Mantan Kasi Pidsus Kejari Bone Diduga "Sleding" Uang Pengembalian Kerugian Negara Pak Desa

4/08/2022 | 23:47 WIB

Bagikan:

Andi


INSTINGJURNALIS.Com--Oknum jaksa terseret kasus dugaan pengelapan dana jaminan yang disetor Kades Letta Tanah Kecamatan Sibulue, Achmad.


Oknum jaksa yang merupakan mantan Kasi Pidsus Kejari Bone berinisial AK, diduga meminta uang jaminan atas temuan dugaan korupsi proyek rabat beton yang sumber anggarannya dari dana desa tahun anggaran 2019.


Desa Letta Tanah masuk salah satu desa yang diperiksa Kejaksaan Negeri Bone lantaran kegiatannya dianggap bermasalah.


Ironisnya, dana Rp300 juta yang disetor sang kades ke AK yang saat itu masih menjabat Kasi Pidsud justru tidak tercatat di pembukuan kejaksaan negeri (Kejari) Bone. Diduga kuat dana tersebut masuk ke kantong pribadi sang jaksa.

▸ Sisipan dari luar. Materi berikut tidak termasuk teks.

lemma summable_neumann_successor:
  assumes "0 < t" and summable: "summable (\<lambda>m. t ^ m * (matvec A ^^ m) (\<lambda>_. 1) i)"
    and "A i j \<noteq> 0"
  shows "summable (\<lambda>m. t ^ m * (matvec A ^^ m) (\<lambda>_. 1) j)"
proof (rule summable_comparison_test')
  have "0 < A i j" using A_nonneg[of i j] \<open>A i j \<noteq> 0\<close> by simp
  show "norm (t ^ m * (matvec A ^^ m) (\<lambda>_. 1) j)
      \<le> t ^ Suc m * (matvec A ^^ Suc m) (\<lambda>_. 1) i / (t * A i j)" for m
    using entry_mult_le_matvec[of "(matvec A ^^ m) (\<lambda>_. 1)" i j] \<open>0 < t\<close> \<open>0 < A i j\<close>
    by (simp add: matvec_power_one_nonneg field_simps mult_left_mono)
  show "summable (\<lambda>m. t ^ Suc m * (matvec A ^^ Suc m) (\<lambda>_. 1) i / (t * A i j))"
    using summable_Suc_iff[of "\<lambda>m. t ^ m * (matvec A ^^ m) (\<lambda>_. 1) i"] summable
    by (intro summable_divide) blast
qed

lemma neumann_sum_eq:
  assumes "0 < t" and summable: "summable (\<lambda>m. t ^ m * (matvec A ^^ m) (\<lambda>_. 1) i)"
  shows "neumann_sum A t i = 1 + t * matvec A (neumann_sum A t) i"
proof -
  let ?P = "\<lambda>m. (matvec A ^^ m) (\<lambda>_. 1)"
  have summable_j: "summable (\<lambda>m. A i j * (t ^ m * ?P m j))" for j
    using summable_neumann_successor[OF \<open>0 < t\<close> summable, of j] by (cases "A i j = 0") simp_all
  have entry: "A i j * neumann_sum A t j = (\<Sum>m. A i j * (t ^ m * ?P m j))" for j
    using summable_neumann_successor[OF \<open>0 < t\<close> summable, of j]
    by (cases "A i j = 0") (simp_all add: neumann_sum_def suminf_mult)
  have "neumann_sum A t i = 1 + (\<Sum>m. t ^ Suc m * ?P (Suc m) i)"
    using suminf_split_head[OF summable] summable by (simp add: neumann_sum_def)
  also have "(\<Sum>m. t ^ Suc m * ?P (Suc m) i) = (\<Sum>m. t * (\<Sum>j\<in>UNIV. A i j * (t ^ m * ?P m j)))"
    by (simp add: matvec_def sum_distrib_left mult_ac)
  also have "\<dots> = t * (\<Sum>j\<in>UNIV. \<Sum>m. A i j * (t ^ m * ?P m j))"
    using summable_j by (simp add: suminf_mult summable_sum suminf_sum)
  also have "\<dots> = t * matvec A (neumann_sum A t) i"
    by (simp add: matvec_def entry)
  finally show ?thesis .
qed

lemma matvec_power_one_le_subinvariant:
  assumes R_closed: "\<And>i j. i \<in> R \<Longrightarrow> A i j \<noteq> 0 \<Longrightarrow> j \<in> R"
    and f_nonneg: "\<And>j. 0 \<le> f j" and f_ge_1: "\<And>i. i \<in> R \<Longrightarrow> 1 \<le> f i"
    and subinvariant: "\<And>i. i \<in> R \<Longrightarrow> matvec A f i \<le> c * f i" and "0 \<le> c"
    and "i \<in> R"
  shows "(matvec A ^^ k) (\<lambda>_. 1) i \<le> c ^ k * f i"
  using \<open>i \<in> R\<close>
proof (induction k arbitrary: i)
  case 0
  then show ?case using f_ge_1 by simp
next
  case (Suc k)
  have "(matvec A ^^ Suc k) (\<lambda>_. 1) i = (\<Sum>j\<in>UNIV. A i j * (matvec A ^^ k) (\<lambda>_. 1) j)"
    by (simp add: matvec_def)
  also have "\<dots> \<le> (\<Sum>j\<in>UNIV. A i j * (c ^ k * f j))"
    using Suc R_closed by (intro sum_mono) (metis A_nonneg mult_left_mono mult_zero_left order_refl)
  also have "\<dots> = c ^ k * matvec A f i"
    by (simp add: matvec_def sum_distrib_left mult_ac)
  also have "\<dots> \<le> c ^ Suc k * f i"
    using mult_left_mono[OF subinvariant[OF Suc.prems], of "c ^ k"] \<open>0 \<le> c\<close> by (simp add: mult_ac)
  finally show ?case .
qed

lemma geometric_bound_of_summable_weighted_powers:
  fixes \<tau> :: "'v \<Rightarrow> real"
  assumes \<tau>_nonneg: "\<And>v. 0 \<le> \<tau> v" and "0 < t"
    and summable: "summable (\<lambda>k. t ^ k * (\<Sum>v\<in>UNIV. \<tau> v * (matvec A ^^ k) (\<lambda>_. 1) v))"
  obtains M c where "0 < M" "0 < c" "c * t < 1"
    "\<And>k. (\<Sum>v\<in>UNIV. \<tau> v * (matvec A ^^ k) (\<lambda>_. 1) v) \<le> M * c ^ k"
proof -
  let ?P = "\<lambda>k. (matvec A ^^ k) (\<lambda>_. 1)"
  define R where "R = {i. summable (\<lambda>m. t ^ m * ?P m i)}"
  define f where "f = neumann_sum A t"
  define N where "N = 1 + (\<Sum>i\<in>UNIV. f i)"
  define c where "c = (1 - 1 / (2 * N)) / t"
  have f_nonneg: "0 \<le> f i" for i
    unfolding f_def using \<open>0 < t\<close> by (simp add: neumann_sum_nonneg)
  have f_eq: "f i = 1 + t * matvec A f i" if "i \<in> R" for i
    using neumann_sum_eq[OF \<open>0 < t\<close>] that by (simp add: R_def f_def)
  have f_ge_1: "1 \<le> f i" if "i \<in> R" for i
    using f_eq[OF that] \<open>0 < t\<close> matvec_nonneg[of f i] f_nonneg by simp
  have f_le_N: "f i \<le> N" for i
    using member_le_sum[where f = f and i = i and A = UNIV] f_nonneg by (simp add: N_def)
  have "1 \<le> N" unfolding N_def using f_nonneg by (simp add: sum_nonneg)
  then have "0 < c" "c * t < 1"
    using \<open>0 < t\<close> by (simp_all add: c_def field_simps)
  have subinvariant: "matvec A f i \<le> c * f i" if "i \<in> R" for i
  proof -
    have "f i / (2 * N) \<le> 1" using f_le_N[of i] \<open>1 \<le> N\<close> by simp
    then have "t * matvec A f i \<le> (1 - 1 / (2 * N)) * f i"
      using f_eq[OF that] by (simp add: field_simps)
    then show ?thesis using \<open>0 < t\<close> by (simp add: c_def field_simps)
  qed
  have R_closed: "j \<in> R" if "i \<in> R" "A i j \<noteq> 0" for i j
    using summable_neumann_successor[OF \<open>0 < t\<close>] that by (simp add: R_def)
  have support_in_R: "v \<in> R" if "0 < \<tau> v" for v
  proof -
    have "\<tau> v * ?P m v \<le> (\<Sum>w\<in>UNIV. \<tau> w * ?P m w)" for m
      by (rule member_le_sum) (simp_all add: \<tau>_nonneg matvec_power_one_nonneg)
    then have "norm (t ^ m * ?P m v) \<le> t ^ m * (\<Sum>w\<in>UNIV. \<tau> w * ?P m w) / \<tau> v" for m
      using that \<open>0 < t\<close> by (simp add: matvec_power_one_nonneg field_simps mult_left_mono)
    then show ?thesis
      unfolding R_def using summable_divide[OF summable]
      by (blast intro: summable_comparison_test')
  qed
  have "(\<Sum>v\<in>UNIV. \<tau> v * ?P k v) \<le> ((\<Sum>v\<in>UNIV. \<tau> v) * N) * c ^ k" for k
  proof -
    have "\<tau> v * ?P k v \<le> \<tau> v * (N * c ^ k)" for v
    proof (cases "0 < \<tau> v")
      case True
      have "?P k v \<le> c ^ k * f v"
        by (rule matvec_power_one_le_subinvariant[OF R_closed f_nonneg f_ge_1 subinvariant])
          (use \<open>0 < c\<close> support_in_R[OF True] in simp_all)
      also have "\<dots> \<le> N * c ^ k"
        using f_le_N[of v] \<open>0 < c\<close> by (simp add: mult.commute mult_left_mono)
      finally show ?thesis using True by (simp add: mult_left_mono)
    qed (use \<tau>_nonneg[of v] in simp)
    then have "(\<Sum>v\<in>UNIV. \<tau> v * ?P k v) \<le> (\<Sum>v\<in>UNIV. \<tau> v * (N * c ^ k))"
      by (rule sum_mono)
    then show ?thesis
      by (simp add: sum_distrib_right[symmetric] mult.assoc)
  qed
  moreover have "((\<Sum>v\<in>UNIV. \<tau> v) * N) * c ^ k \<le> ((1 + (\<Sum>v\<in>UNIV. \<tau> v)) * N) * c ^ k" for k
    using \<open>1 \<le> N\<close> \<open>0 < c\<close> by (intro mult_right_mono) simp_all
  moreover have "0 < (1 + (\<Sum>v\<in>UNIV. \<tau> v)) * N"
    using \<open>1 \<le> N\<close> \<tau>_nonneg by (simp add: sum_nonneg add_pos_nonneg)
  ultimately show ?thesis
    using that \<open>0 < c\<close> \<open>c * t < 1\<close> by (meson order.trans)
qed

end

lemma sum_of_nat_card_fibres:
  fixes g :: "'e::finite \<Rightarrow> 'v::finite" and f :: "'v \<Rightarrow> 'a::comm_semiring_1"
  shows "(\<Sum>u\<in>UNIV. of_nat (card {e. P e \<and> g e = u}) * f u) = (\<Sum>e | P e. f (g e))"
proof -
  have "(\<Sum>u\<in>UNIV. of_nat (card {e. P e \<and> g e = u}) * f u)
      = (\<Sum>u\<in>UNIV. \<Sum>e | P e \<and> g e = u. f (g e))"
    by (intro sum.cong) auto
  also have "\<dots> = (\<Sum>e | P e. f (g e))"
    using sum.group[of "{e. P e}" UNIV g "\<lambda>e. f (g e)"] by simp
  finally show ?thesis .
qed

definition adj_matrix :: "('e::finite \<Rightarrow> 'v) \<Rightarrow> ('e \<Rightarrow> 'v) \<Rightarrow> 'v \<Rightarrow> 'v \<Rightarrow> 'a::semiring_1" where
  "adj_matrix s r i j = of_nat (adj s r i j)"

lemma adj_matrix_nonneg: "0 \<le> (adj_matrix s r i j :: real)"
  by (simp add: adj_matrix_def)

lemma sum_edge_ip: "(\<lambda>v. \<Sum>e\<in>UNIV. edge_ip s r e a v) = matvec (adj_matrix s r) a"
proof
  fix v
  have "(\<Sum>e\<in>UNIV. edge_ip s r e a v) = (\<Sum>e | s e = v. a (r e))"
    by (simp add: edge_ip_def vproj_def if_distrib sum.If_cases eq_commute)
  also have "\<dots> = matvec (adj_matrix s r) a v"
    by (simp add: matvec_def adj_matrix_def adj_def sum_of_nat_card_fibres)
  finally show "(\<Sum>e\<in>UNIV. edge_ip s r e a v) = matvec (adj_matrix s r) a v" .
qed

lemma word_ip_sum:
  "finite I \<Longrightarrow> word_ip s r \<nu> (\<lambda>v. \<Sum>i\<in>I. g i v) = (\<lambda>v. \<Sum>i\<in>I. word_ip s r \<nu> (g i) v)"
proof (induction \<nu> arbitrary: g)
  case (Cons e \<nu>)
  have "edge_ip s r e (\<lambda>v. \<Sum>i\<in>I. g i v) = (\<lambda>v. \<Sum>i\<in>I. edge_ip s r e (g i) v)"
    by (simp add: edge_ip_def sum_distrib_right)
  then show ?case using Cons by simp
qed simp

lemma lists_length_Suc_eq:
  "{\<mu>. length \<mu> = Suc k} = (\<lambda>(e, \<nu>). e # \<nu>) ` (UNIV \<times> {\<nu>. length \<nu> = k})"
  by (auto simp: length_Suc_conv)

lemma sum_word_ip_length:
  fixes s r :: "'e::finite \<Rightarrow> 'v::finite"
  shows "(\<Sum>\<mu> | length \<mu> = k. word_ip s r \<mu> a v) = (matvec (adj_matrix s r) ^^ k) a v"
proof (induction k arbitrary: a)
  case 0
  have "{\<mu>::'e list. length \<mu> = 0} = {[]}" by auto
  then show ?case by simp
next
  case (Suc k)
  have fin: "finite {\<nu>::'e list. length \<nu> = k}"
    using finite_lists_length_eq[of "UNIV :: 'e set" k] by simp
  have "(\<Sum>\<mu> | length \<mu> = Suc k. word_ip s r \<mu> a v)
      = (\<Sum>e\<in>UNIV. \<Sum>\<nu> | length \<nu> = k. word_ip s r \<nu> (edge_ip s r e a) v)"
    unfolding lists_length_Suc_eq
    by (subst sum.reindex) (simp_all add: inj_on_def sum.cartesian_product split_def)
  also have "\<dots> = (\<Sum>\<nu> | length \<nu> = k. word_ip s r \<nu> (matvec (adj_matrix s r) a) v)"
    by (subst sum.swap) (simp add: word_ip_sum fin sum_edge_ip[symmetric])
  also have "\<dots> = (matvec (adj_matrix s r) ^^ Suc k) a v"
    by (simp add: Suc.IH funpow_Suc_right del: funpow.simps)
  finally show ?case .
qed

lemma level_sum_eq:
  fixes s r :: "'e::finite \<Rightarrow> 'v::finite"
  shows "level_sum s r \<tau> k = (\<Sum>v\<in>UNIV. \<tau> v * (matvec (adj_matrix s r) ^^ k) (\<lambda>_. 1) v)"
proof -
  have adj_complex: "adj_matrix s r = (\<lambda>i j. complex_of_real (adj_matrix s r i j))"
    by (simp add: adj_matrix_def fun_eq_iff)
  have "(matvec (\<lambda>i j. complex_of_real (adj_matrix s r i j)) ^^ k) (\<lambda>_. complex_of_real 1)
      = (\<lambda>v. complex_of_real ((matvec (adj_matrix s r) ^^ k) (\<lambda>_. 1) v))"
    by (rule matvec_power_of_real)
  then have words: "(\<Sum>\<mu> | length \<mu> = k. word_norm s r \<mu> v)
      = complex_of_real ((matvec (adj_matrix s r) ^^ k) (\<lambda>_. 1) v)" for v
    unfolding word_norm_def sum_word_ip_length by (subst adj_complex) simp
  have "(\<Sum>\<mu> | length \<mu> = k. st_app \<tau> (word_norm s r \<mu>))
      = (\<Sum>v\<in>UNIV. complex_of_real (\<tau> v) * (\<Sum>\<mu> | length \<mu> = k. word_norm s r \<mu> v))"
    unfolding st_app_def sum_distrib_left by (rule sum.swap)
  then show ?thesis
    unfolding level_sum_def words by simp
qed

lemma level_sum_nonneg: "\<tau> \<in> Tr_A \<Longrightarrow> 0 \<le> level_sum s r \<tau> k"
  unfolding level_sum_eq
  by (intro sum_nonneg mult_nonneg_nonneg matvec_power_one_nonneg)
    (auto simp: Tr_A_def is_state_def adj_matrix_nonneg)

lemma entropy_eq_exp_growth_rate: "entropy s r \<tau> = exp_growth_rate (level_sum s r \<tau>)"
  by (simp add: entropy_def exp_growth_rate_def)

lemma summable_level_sum_iff_entropy_less:
  fixes s r :: "'e::finite \<Rightarrow> 'v::finite"
  assumes \<tau>: "\<tau> \<in> Tr_A" and "0 < \<beta>"
  shows "summable (\<lambda>k. exp (- real k * \<beta>) * level_sum s r \<tau> k) \<longleftrightarrow> entropy s r \<tau> < ereal \<beta>"
proof
  assume summable: "summable (\<lambda>k. exp (- real k * \<beta>) * level_sum s r \<tau> k)"
  have "(\<lambda>k. exp (- real k * \<beta>) * level_sum s r \<tau> k)
      = (\<lambda>k. exp (- \<beta>) ^ k * (\<Sum>v\<in>UNIV. \<tau> v * (matvec (adj_matrix s r) ^^ k) (\<lambda>_. 1) v))"
    by (simp add: level_sum_eq exp_of_nat_mult[symmetric])
  with summable obtain M c
    where "0 < M" "0 < c" "c * exp (- \<beta>) < 1" "\<And>k. level_sum s r \<tau> k \<le> M * c ^ k"
    using geometric_bound_of_summable_weighted_powers[where A = "adj_matrix s r" and \<tau> = \<tau>
        and t = "exp (- \<beta>)", OF adj_matrix_nonneg] \<tau>
    unfolding level_sum_eq by (auto simp: Tr_A_def is_state_def)
  moreover from \<open>c * exp (- \<beta>) < 1\<close> have "c < exp \<beta>"
    by (simp add: exp_minus field_simps)
  ultimately show "entropy s r \<tau> < ereal \<beta>"
    unfolding entropy_eq_exp_growth_rate
    by (intro exp_growth_rate_less_of_geometric_bound level_sum_nonneg[OF \<tau>] \<open>0 < \<beta>\<close>)
next
  assume "entropy s r \<tau> < ereal \<beta>"
  then show "summable (\<lambda>k. exp (- real k * \<beta>) * level_sum s r \<tau> k)"
    unfolding entropy_eq_exp_growth_rate
    by (intro summable_of_exp_growth_rate_less level_sum_nonneg[OF \<tau>])
qed

lemma st_app_vproj: "st_app \<tau> (vproj v) = complex_of_real (\<tau> v)"
  by (simp add: st_app_def vproj_def if_distrib cong: if_cong)

lemma st_app_eqI: "(\<And>a. st_app \<sigma> a = st_app \<tau> a) \<Longrightarrow> \<sigma> = \<tau>"
  by (metis st_app_vproj of_real_eq_iff ext)

lemma st_app_scale: "st_app (\<lambda>v. c * \<tau> v) a = complex_of_real c * st_app \<tau> a"
  by (simp add: st_app_def sum_distrib_left mult.assoc)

Kades Letta Tanah, Achmad mengatakan, dirinya menyetor langsung uang sebesar Rp300 juta ke oknum jaksa tersebut.


Ia mengaku menyerahkan uang tersebut pada 2020 lalu. AK yang langsung mendatanginya lalu menyampaikan bahwa pihaknya harus melakukan pengembalian terkait dengan pembangunan di desanya.


“Saya serahkan langsung uang itu ke Andi Kurnia sebesar Rp300 juta. Saya punya saksi, punya bukti transfer juga,” ungkapnya, Kamis (07/04/2022).


Achmad mengatakan, alasan mantan Kasi Pidsus mengambil uang, untuk dikembalikan ke kas negara. Setelah itu akan dikembalikan lagi ke rekening desa. Namun sampai saat ini uang tersebut belum juga dikembalikan.


"Ini sudah hampir dua tahun mi dilakukan itu pengembalian yang langsung ke oknum jaksanya, yang menyerahkan itu adalah keluarga sendiri dengan nominal Rp 295 juta tunai, dan Rp 5 juta transfer ke rekening pribadinya. Keluarga memiliki bukti transferan sebesar Rp 300 juta ke rekening pribadi," tambahnya.


Kasus tersebut bermuara saat tim penyidik Kejaksaan Negeri Bone memeriksa salah satu proyek di Desa Letta Tanah tahun 2019 lalu. Saat itu penyidik memeriksa pembangunan jalan rabat beton yang terletak di Dusun Kampulajeng Desa Letta Tanah Kecamatan Sibulue Kabupaten Bone Sulsel lantaran mengalami kerusakan yang cukup parah meskipun belum cukup setahun sejak pembangunan.


Belum diketahui secara detail proses kasus tersebut, namun informasi awal pekerjaan rabat beton yang menelan Anggaran Dana Desa (DD) senilai Rp. 241 530.400, dengan volume panjang 300 meter diduga dikerja asal-asalan.